- Mandi Location in Punjab, India Mandi Mandi (India)
- Coordinates: 31°04′39″N 75°53′22″E﻿ / ﻿31.0776302°N 75.889437°E
- Country: India
- State: Punjab
- District: Jalandhar
- Tehsil: Phillaur
- Elevation: 246 m (807 ft)

Population (2011)
- • Total: 2,121
- Sex ratio 1089/1032 ♂/♀

Languages
- • Official: Punjabi
- • Other spoken: Hindi
- Time zone: UTC+5:30 (IST)
- PIN: 144416
- Telephone code: 01826
- ISO 3166 code: IN-PB
- Vehicle registration: PB 37
- Post office: Apra
- Website: jalandhar.nic.in

= Mandi, Jalandhar =

Mandi is a large village in Phillaur tehsil of Jalandhar District of Punjab State, India.
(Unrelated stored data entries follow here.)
lemma derivative_chain_vanishing:
  assumes chain: "derivative_chain n D" and top: "\<forall>x\<in>{0..1}. D n x = 0"
    and init: "\<forall>k<n. D k 0 = 0"
  shows "\<forall>x\<in>{0..1}. D 0 x = 0"
proof -
  have "\<forall>x\<in>{0..1}. D (n - m) x = 0" if "m \<le> n" for m
    using that
  proof (induction m)
    case 0
    then show ?case
      using top by simp
  next
    case (Suc m)
    then have "Suc (n - Suc m) = n - m" "n - Suc m < n"
      by auto
    then have "(D (n - Suc m) has_real_derivative 0) (at y within {0..1})" if "y \<in> {0..1}" for y
      using derivative_chainD[OF chain \<open>n - Suc m < n\<close> that] Suc that by auto
    moreover have "D (n - Suc m) 0 = 0"
      using init \<open>n - Suc m < n\<close> by blast
    ultimately show ?case
      using vanishing_if_deriv_zero[of "D (n - Suc m)"] by blast
  qed
  from this[of n] show ?thesis
    by simp
qed

text \<open>If lam \<le> 0, then G = u u^(5) - u' u^(4) + u'' u''' vanishes at both ends and has
  G' = u'''^2 - lam u^2 \<ge> 0; so G' = 0, whence u''' = 0, and the conditions at 0 force u = 0.\<close>
lemma sixth_order_eigenvalue_pos:
  assumes "sixth_order_eigenvalue lam"
  shows "0 < lam"
proof (rule ccontr)
  assume "\<not> 0 < lam"
  then have lam: "lam \<le> 0" by simp
  obtain D where chain: "derivative_chain 6 D" and ode: "\<forall>x\<in>{0..1}. - D 6 x = lam * D 0 x"
    and bc: "\<forall>k<3. D k 0 = 0 \<and> D k 1 = 0" and nonzero: "\<exists>x\<in>{0..1}. D 0 x \<noteq> 0"
    using assms unfolding sixth_order_eigenvalue_iff_chain by blast
  define G where "G x = D 5 x * D 0 x - D 4 x * D 1 x + D 3 x * D 2 x" for x
  define G' where "G' x = D 3 x * D 3 x - lam * (D 0 x * D 0 x)" for x
  have lam_sq: "lam * (D 0 x * D 0 x) \<le> 0" for x
    using lam by (simp add: mult_nonpos_nonneg)
  have G'_nonneg: "0 \<le> G' x" for x
    using lam_sq[of x] zero_le_square[of "D 3 x"] unfolding G'_def by linarith
  have deriv_G: "\<forall>x\<in>{0..1}. (G has_real_derivative G' x) (at x within {0..1})"
  proof
    fix x :: real assume x: "x \<in> {0..1}"
    have s: "Suc 0 = 1" "Suc 1 = 2" "Suc 2 = 3" "Suc 3 = 4" "Suc 4 = 5" "Suc 5 = 6"
      by simp_all
    note d = derivative_chainD[OF chain _ x]
    have "- D 6 x = lam * D 0 x"
      using ode x by blast
    then have D6: "D 6 x = - lam * D 0 x"
      by simp
    show "(G has_real_derivative G' x) (at x within {0..1})"
      unfolding G_def
      apply (rule derivative_eq_intros d[of 0, simplified, unfolded s] d[of 1, simplified, unfolded s]
                  d[of 2, simplified, unfolded s] d[of 3, simplified, unfolded s]
                  d[of 4, simplified, unfolded s] d[of 5, simplified, unfolded s] refl)+
      apply (simp add: G'_def D6 algebra_simps)
      done
  qed
  have "G 0 = 0" "G 1 = 0"
    using bc unfolding G_def by auto
  then have "G x = 0" if "x \<in> {0..1}" for x
    using vanishing_if_deriv_nonneg[OF deriv_G] G'_nonneg that by blast
  then have "G' x = 0" if "x \<in> {0..1}" for x
    using deriv_zero_if_vanishing deriv_G that by blast
  then have "D 3 x * D 3 x = lam * (D 0 x * D 0 x)" if "x \<in> {0..1}" for x
    using that unfolding G'_def by simp
  with lam_sq have D3: "\<forall>x\<in>{0..1}. D 3 x = 0"
    by (metis mult_eq_0_iff not_square_less_zero order_le_less)
  have "derivative_chain 3 D"
    using chain unfolding derivative_chain_def by auto
  then have "\<forall>x\<in>{0..1}. D 0 x = 0"
    using derivative_chain_vanishing D3 bc by blast
  then show False
    using nonzero by auto
qed

section \<open>The characteristic determinant\<close>

lemma det3_eq_0_iff_kernel:
  fixes a11 a12 a13 a21 a22 a23 a31 a32 a33 :: real
  shows "a11*(a22*a33 - a23*a32) - a12*(a21*a33 - a23*a31) + a13*(a21*a32 - a22*a31) = 0 \<longleftrightarrow>
    (\<exists>x y z. (x \<noteq> 0 \<or> y \<noteq> 0 \<or> z \<noteq> 0) \<and> a11*x + a12*y + a13*z = 0 \<and>
       a21*x + a22*y + a23*z = 0 \<and> a31*x + a32*y + a33*z = 0)"
  (is "?d = 0 \<longleftrightarrow> _")
proof
  assume "?d = 0"
  define A :: "real^3^3"
    where "A = vector [vector [a11,a12,a13], vector [a21,a22,a23], vector [a31,a32,a33]]"
  have "det A = 0"
    using \<open>?d = 0\<close> unfolding A_def det_3 by (simp add: algebra_simps)
  then have "rank A \<noteq> CARD(3)"
    by (simp add: det_eq_0_rank)
  then obtain v where "v \<noteq> 0" "A *v v = 0"
    using matrix_nonfull_linear_equations_eq by blast
  then have "(A *v v) $ 1 = 0" "(A *v v) $ 2 = 0" "(A *v v) $ 3 = 0"
    by simp_all
  then have "a11 * v$1 + a12 * v$2 + a13 * v$3 = 0" "a21 * v$1 + a22 * v$2 + a23 * v$3 = 0"
    "a31 * v$1 + a32 * v$2 + a33 * v$3 = 0"
    unfolding A_def by (simp_all add: matrix_vector_mult_def sum_3)
  moreover have "v$1 \<noteq> 0 \<or> v$2 \<noteq> 0 \<or> v$3 \<noteq> 0"
    using \<open>v \<noteq> 0\<close> by (auto simp: vec_eq_iff forall_3)
  ultimately show "\<exists>x y z. (x \<noteq> 0 \<or> y \<noteq> 0 \<or> z \<noteq> 0) \<and> a11*x + a12*y + a13*z = 0 \<and>
       a21*x + a22*y + a23*z = 0 \<and> a31*x + a32*y + a33*z = 0"
    by blast
next
  assume "\<exists>x y z. (x \<noteq> 0 \<or> y \<noteq> 0 \<or> z \<noteq> 0) \<and> a11*x + a12*y + a13*z = 0 \<and>
       a21*x + a22*y + a23*z = 0 \<and> a31*x + a32*y + a33*z = 0"
  then obtain x y z where "x \<noteq> 0 \<or> y \<noteq> 0 \<or> z \<noteq> 0"
    and "a11*x + a12*y + a13*z = 0" "a21*x + a22*y + a23*z = 0" "a31*x + a32*y + a33*z = 0"
    by blast
  moreover from this(2-4) have "?d * x = 0" "?d * y = 0" "?d * z = 0"
    by algebra+
  ultimately show "?d = 0"
    by auto
qed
The village is administrated by Sarpanch Jarnail Singh Dhillon (also elected as block samiti pardhan of nearby 5 villages) who is elected representative of the village. It is 1 km away from census town and postal head office Apra. The village is 47.3 km from Jalandhar, 15 km from Phillaur and 117 km away from state capital Chandigarh.

== Caste ==
The village has schedule caste (SC) constitutes 38.00% of total population of the village followed by 35.00 % of jatt tribe most of them are Dhillon and it doesn't have any Schedule Tribe (ST) population.

== Education ==
The village has 3 Punjabi Medium, Co-educational primary schools (Govt. Primary School) The nearest high school (D.A.V Senior Secondary High School Mandi) is located 0.2 km and government high school is 1.5 km in Apra.

== Transport ==

=== Rail ===
The nearest train station is situated 15 km away in Goraya and Ludhiana Jn Railway Station is 31 km away from the village.

=== Air ===
The nearest domestic airport is at Ludhiana which is 47 km away from Mandi. The nearest international airport is located in Chandigarh and a second nearest international airport is 141 km away in Amritsar.